## Task directions
Having located "theory Defs" in the records below, repeat exactly the line it is on and all subsequent lines, ending with the last.

## Task inputs
*** Begin section ***

(* Let $e_1, e_2$ be SLamJS expressions (possibly containing markers and holes) and $n \ge 0$ with $e_1 \dashrightarrow_n e_2$, and let $M \subseteq \mathrm{Marker}$. Then either $\lfloor e_1 \rfloor_M \dashrightarrow_n \lfloor e_2 \rfloor_M$, or the reduction rule applied to derive $e_1 \dashrightarrow_n e_2$ is one of the lift rules (Lift-App, Lift-If, Lift-Unbox, Lift-RunIn, Lift-ReadSel, Lift-ReadRec, Lift-WriteSel, Lift-WriteRec, Lift-DelSel, Lift-DelRec) lifting a marker $\mathfrak m \notin M$.
   Context: **Syntax.** Constants: $k ::= \mathsf{undef}\mid\mathsf{null}\mid\mathsf{true}\mid\mathsf{false}\mid s\mid n$ ($s$ a string, $n$ a number). $x$ ranges over a set $\mathrm{Name}$ of variables and $\mathfrak m$ over a set $\mathrm{Marker}$ of markers. Expressions: $e ::= k \mid \{s_1:e_1,\dots,s_j:e_j\} \mid x \mid \mathsf{fun}(x)\{e\} \mid e(e) \mid \mathsf{box}\,e \mid \mathsf{unbox}\,e \mid \mathsf{run}\,e \mid \mathsf{if}(e)\{e\}\mathsf{else}\{e\} \mid e[e] \mid e[e]=e \mid \mathsf{del}\,e[e] \mid (e,\rho) \mid \mathsf{run}\,e\,\mathsf{in}\,\rho \mid (\mathfrak m : e) \mid \_$, where records have distinct field names, $\_$ is a hole, and environments $\rho$ are finite partial maps from $\mathrm{Name}$ to stage-0 values. Stage-indexed values: $v^0$ includes closures $(\mathsf{fun}(x)\{e\},\rho)$; for every $n\ge0$, $v^n$ includes constants $k$, records $\{s_1:v^n_1,\dots,s_j:v^n_j\}$, $\mathsf{box}\,v^{n+1}$, $(\mathfrak m:v^n)$ and $\_$; $v^{n+1}$ also includes $x$, $\mathsf{fun}(x)\{v^{n+1}\}$, $v^{n+1}(v^{n+1})$, $\mathsf{run}\,v^{n+1}$, $\mathsf{if}(v^{n+1})\{v^{n+1}\}\mathsf{else}\{v^{n+1}\}$, $v^{n+1}[v^{n+1}]$, $v^{n+1}[v^{n+1}]=v^{n+1}$, $\mathsf{del}\,v^{n+1}[v^{n+1}]$; $v^{n+2}$ also includes $\mathsf{unbox}\,v^{n+1}$. A value $v$ without superscript is a stage-0 value. Write $\pi$ for the field name string "__proto__". **Top-level reduction** $\dashrightarrow_n$ ($n\ge0$) is the least relation closed under the following rules (rules written with $\dashrightarrow_n$ hold for all $n$). Environment propagation: $(k,\rho)\dashrightarrow_n k$; $(\{\overline{s:e}\},\rho)\dashrightarrow_n\{\overline{s:(e,\rho)}\}$; $(x,\rho)\dashrightarrow_{n+1}x$; $(\mathsf{fun}(x)\{e\},\rho)\dashrightarrow_{n+1}\mathsf{fun}(x)\{(e,\rho)\}$; $(e_1(e_2),\rho)\dashrightarrow_n (e_1,\rho)((e_2,\rho))$; $(\mathsf{box}\,e,\rho)\dashrightarrow_n\mathsf{box}\,(e,\rho)$; $(\mathsf{unbox}\,e,\rho)\dashrightarrow_n\mathsf{unbox}\,(e,\rho)$; $(\mathsf{run}\,e,\rho)\dashrightarrow_0 \mathsf{run}\,(e,\rho)\,\mathsf{in}\,\rho$; $(\mathsf{run}\,e,\rho)\dashrightarrow_{n+1}\mathsf{run}\,(e,\rho)$; $(\mathsf{if}(e_1)\{e_2\}\mathsf{else}\{e_3\},\rho)\dashrightarrow_n\mathsf{if}((e_1,\rho))\{(e_2,\rho)\}\mathsf{else}\{(e_3,\rho)\}$; $(e_1[e_2],\rho)\dashrightarrow_n(e_1,\rho)[(e_2,\rho)]$; $(e_1[e_2]=e_3,\rho)\dashrightarrow_n(e_1,\rho)[(e_2,\rho)]=(e_3,\rho)$; $(\mathsf{del}\,e_1[e_2],\rho)\dashrightarrow_n\mathsf{del}\,(e_1,\rho)[(e_2,\rho)]$; $((\mathfrak m:e),\rho)\dashrightarrow_n(\mathfrak m:(e,\rho))$; $(\_,\rho)\dashrightarrow_n\_$. Proper rules: (Lookup) $(x,\rho)\dashrightarrow_0\rho(x)$; (Apply) $(\mathsf{fun}(x)\{e\},\rho)(v)\dashrightarrow_0(e,\rho[x\mapsto v])$; (Unbox) $\mathsf{unbox}\,(\mathsf{box}\,v^1)\dashrightarrow_1 v^1$; (Run) $\mathsf{run}\,(\mathsf{box}\,v^1)\,\mathsf{in}\,\rho\dashrightarrow_0(v^1,\rho)$; (IfTrue) $\mathsf{if}(\mathsf{true})\{e_1\}\mathsf{else}\{e_2\}\dashrightarrow_0 e_1$; (IfFalse) $\mathsf{if}(\mathsf{false})\{e_1\}\mathsf{else}\{e_2\}\dashrightarrow_0 e_2$; (Read1) $\{\overline{s:v},s_i:v_i,\overline{s:v}'\}[s_i]\dashrightarrow_0 v_i$; (Read2) $\{\overline{s:v},\pi:\{\overline{s:v}'\},\overline{s:v}''\}[s_x]\dashrightarrow_0\{\overline{s:v}'\}[s_x]$ if $s_x\notin\overline s\cup\overline s''$; (Read3) $\{\overline{s:v},\pi:\mathsf{null},\overline{s:v}''\}[s_x]\dashrightarrow_0\mathsf{undef}$ if $s_x\notin\overline s\cup\overline s''$; (Write1) $\{\overline{s:v},s_i:v_i,\overline{s:v}'\}[s_i]=v_i'\dashrightarrow_0\{\overline{s:v},s_i:v_i',\overline{s:v}'\}$; (Write2) $\{\overline{s:v}\}[s_x]=v_x\dashrightarrow_0\{\overline{s:v},s_x:v_x\}$ if $s_x\notin\overline s$; (Del1) $\mathsf{del}\,\{\overline{s:v},s_i:v_i,\overline{s:v}'\}[s_i]\dashrightarrow_0\{\overline{s:v},\overline{s:v}'\}$; (Del2) $\mathsf{del}\,\{\overline{s:v}\}[s_x]\dashrightarrow_0\{\overline{s:v}\}$ if $s_x\notin\overline s$. Lift rules: (Lift-App) $((\mathfrak m:e),\rho)(v)\dashrightarrow_0(\mathfrak m:((e,\rho)(v)))$; (Lift-If) $\mathsf{if}((\mathfrak m:v))\{e_1\}\mathsf{else}\{e_2\}\dashrightarrow_0(\mathfrak m:\mathsf{if}(v)\{e_1\}\mathsf{else}\{e_2\})$; (Lift-Unbox) $\mathsf{unbox}\,(\mathfrak m:v)\dashrightarrow_1(\mathfrak m:\mathsf{unbox}\,v)$; (Lift-RunIn) $\mathsf{run}\,(\mathfrak m:v)\,\mathsf{in}\,\rho\dashrightarrow_0(\mathfrak m:\mathsf{run}\,v\,\mathsf{in}\,\rho)$; (Lift-ReadSel) $v_1[(\mathfrak m:v_2)]\dashrightarrow_0(\mathfrak m:v_1[v_2])$; (Lift-ReadRec) $(\mathfrak m:v_1)[v_2]\dashrightarrow_0(\mathfrak m:v_1[v_2])$; (Lift-WriteSel) $v_1[(\mathfrak m:v_2)]=v_3\dashrightarrow_0(\mathfrak m:v_1[v_2]=v_3)$; (Lift-WriteRec) $(\mathfrak m:v_1)[v_2]=v_3\dashrightarrow_0(\mathfrak m:v_1[v_2]=v_3)$; (Lift-DelSel) $\mathsf{del}\,v_1[(\mathfrak m:v_2)]\dashrightarrow_0(\mathfrak m:\mathsf{del}\,v_1[v_2])$; (Lift-DelRec) $\mathsf{del}\,(\mathfrak m:v_1)[v_2]\dashrightarrow_0(\mathfrak m:\mathsf{del}\,v_1[v_2])$. **Erasure.** For $M\subseteq\mathrm{Marker}$, $\lfloor e\rfloor_M$ is defined homomorphically on all constructs (including inside environments, $\lfloor\rho\rfloor_M(x)=\lfloor\rho(x)\rfloor_M$, and $\lfloor\_\rfloor_M=\_$), with $\lfloor(\mathfrak m:e)\rfloor_M=(\mathfrak m:\lfloor e\rfloor_M)$ if $\mathfrak m\in M$ and $\lfloor(\mathfrak m:e)\rfloor_M=\_$ if $\mathfrak m\notin M$. *)

theory Defs
  imports Complex_Main "HOL-Library.Finite_Map"
begin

*** End section ***

## Task output
theory Defs
  imports Complex_Main "HOL-Library.Finite_Map"
begin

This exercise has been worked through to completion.